For these reasons, the US should have carried the distinction between interstate
legal assistance and cooperation with the Tribunals to its logical conclusion, and not
required ‘probable cause’. This could have been achieved either by stating that the
indictments by the ICTY and ICTR would automatically be considered as sufficient
evidence of ‘probable cause’ or by stating, like in the United Kingdom,59 that ‘probable
cause’ is not to be reviewed.
55 E. David, ‘La Responsabilité de l’État pour Absence de Coopération’, in Ascensio, Decaux, Pellet (eds),
supra note 49, at 129.
56 Kushen and Harris, ‘Surrender of Fugitives by the United States to the War Crimes Tribunals for
Yugoslavia and Rwanda’, supra note 7, at 511. For example, the Portuguese law on cooperation with
the ICTY and the ICTR states that a request for arrest and surrender can only be refused if the warrants
are not certified and signed by a judge, if the facts do not fall within the territorial and temporal
competence of the Court, or if a judge determines that the person arrested is not the person wanted by
the Tribunal (Article 10, Law no. 102/2001, of August 25).
57 Article 1(2).
58 For a discussion and critique of the US procedural rules on extradition, see M. Coombs, supra note 34, at
178.
59 Article 6(7) of the United Nations (International Tribunal) (Former Yugoslavia) Order 1996 states:
‘Nothing in this Order shall be construed as requiring a competent court to be satisfied that there is
evidence sufficient to warrant the trial of an accused person by the International Tribunal.’
516 JICJ 1 (2003), 502–516
6. Conclusions
In sum, the Agreements, while being certainly a positive step in the construction of
international criminal law, still lend themselves to various objections.

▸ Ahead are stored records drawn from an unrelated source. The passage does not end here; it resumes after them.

definition leak_kernel :: "real \<Rightarrow> real \<Rightarrow> real \<Rightarrow> real" where
  "leak_kernel W d m = bias_mim W m
     - (1 - d * m) / 2 * bias_mim W (tanh_add (- d) m) - (1 + d * m) / 2 * bias_mim W (tanh_add d m)"

lemma leak_kernel_minus: "leak_kernel W (- d) m = leak_kernel W d m"
  unfolding leak_kernel_def by (simp add: algebra_simps)

lemma leak_kernel_one:
  assumes "-1 \<le> m" "m \<le> 1"
  shows "leak_kernel W 1 m = bias_mim W m - exp (- W)"
proof -
  have "bias_mim W 1 = exp (- W)" "bias_mim W (- 1) = exp (- W)"
    unfolding bias_mim_def by simp_all
  moreover have "tanh_add (- 1) m = - 1" if "m \<noteq> 1"
    using that unfolding tanh_add_def by (simp add: divide_eq_minus_1_iff)
  moreover have "tanh_add 1 m = 1" if "m \<noteq> - 1"
    using that unfolding tanh_add_def by (simp add: add.commute add_eq_0_iff)
  ultimately have "(1 - m) / 2 * bias_mim W (tanh_add (- 1) m) = (1 - m) / 2 * exp (- W)"
    and "(1 + m) / 2 * bias_mim W (tanh_add 1 m) = (1 + m) / 2 * exp (- W)"
    by (cases "m = 1"; cases "m = - 1"; simp)+
  then show ?thesis unfolding leak_kernel_def by (simp add: field_simps)
qed

lemma has_real_derivative_leak_kernel:
  assumes p: "1 + d * m \<noteq> 0" and q: "1 - d * m \<noteq> 0" and dd: "d * d \<noteq> 1"
  shows "(leak_kernel W d has_real_derivative
     (slope_gap W d (tanh_add (- d) m) - slope_gap W d m) / 2) (at m)"
proof -
  have q': "1 + (- d) * m \<noteq> 0" using q by simp
  note chain = DERIV_chain2[OF has_real_derivative_bias_mim has_real_derivative_tanh_add]
  have D: "(leak_kernel W d has_real_derivative
     bias_mim' W m - ((- d) / 2 * bias_mim W (tanh_add (- d) m)
        + ((1 - d * m) / 2 * ((1 - (- d)\<^sup>2) / (1 + (- d) * m)\<^sup>2)) * bias_mim' W (tanh_add (- d) m))
       - (d / 2 * bias_mim W (tanh_add d m)
        + ((1 + d * m) / 2 * ((1 - d\<^sup>2) / (1 + d * m)\<^sup>2)) * bias_mim' W (tanh_add d m))) (at m)"
    (is "(_ has_real_derivative ?D) _")
    unfolding leak_kernel_def
    by (rule derivative_eq_intros has_real_derivative_bias_mim chain[OF q'] chain[OF p] refl
        | simp add: mult_ac)+
  have "P \<noteq> 0 \<Longrightarrow> P / 2 * (A / P\<^sup>2) = (A / P) / 2" for P A :: real
    by (simp add: field_simps power2_eq_square)
  then have e: "(1 - d * m) / 2 * ((1 - (- d)\<^sup>2) / (1 + (- d) * m)\<^sup>2) = (1 + d * tanh_add (- d) m) / 2"
    "(1 + d * m) / 2 * ((1 - d\<^sup>2) / (1 + d * m)\<^sup>2) = (1 - d * tanh_add d m) / 2"
    using one_minus_mult_tanh_add[OF p] one_minus_mult_tanh_add[OF q'] p q by simp_all
  have "?D = (alpha W d m + beta W d m - alpha W d (tanh_add (- d) m) - beta W d (tanh_add d m)) / 2"
    unfolding e alpha_def beta_def by (simp add: field_simps)
  also have "\<dots> = (slope_gap W d (tanh_add (- d) m) - slope_gap W d m) / 2"
    unfolding slope_gap_def using tanh_add_inverse q dd by simp
  finally show ?thesis using D by (rule DERIV_cong[rotated])
qed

First, they were not legally needed. It was seen that from the point of view of UN law,
the conclusion of the Agreements was not necessary in order to pursue the activities of
the Tribunals, as there were already sufficient legal bases for requiring any of the UN
Member States to fulfil their obligations.60 Only if such bases were not sufficient could
one conceive of the need to conclude agreements dealing with legal assistance.61 From
the point of view of US law, after Ntakirutimana v. Reno it is clear that the Agreements
were not necessary.
Secondly, the Agreements only cover surrender of suspects, leaving other forms of
US cooperation with the Tribunals unregulated.
Thirdly, in providing for the ‘probable cause’ requirement, the Agreements may
create legal obstacles to the timely fulfilment by the US of the obligation to fully
cooperate with the Tribunals. If US courts find no ‘probable cause’, cooperation will
not take place; in any case, the litigation of the issue may unduly delay a surrender.
Therefore, the ‘probable cause’ requirement runs counter to the obligation to provide
unconditioned and timely cooperation.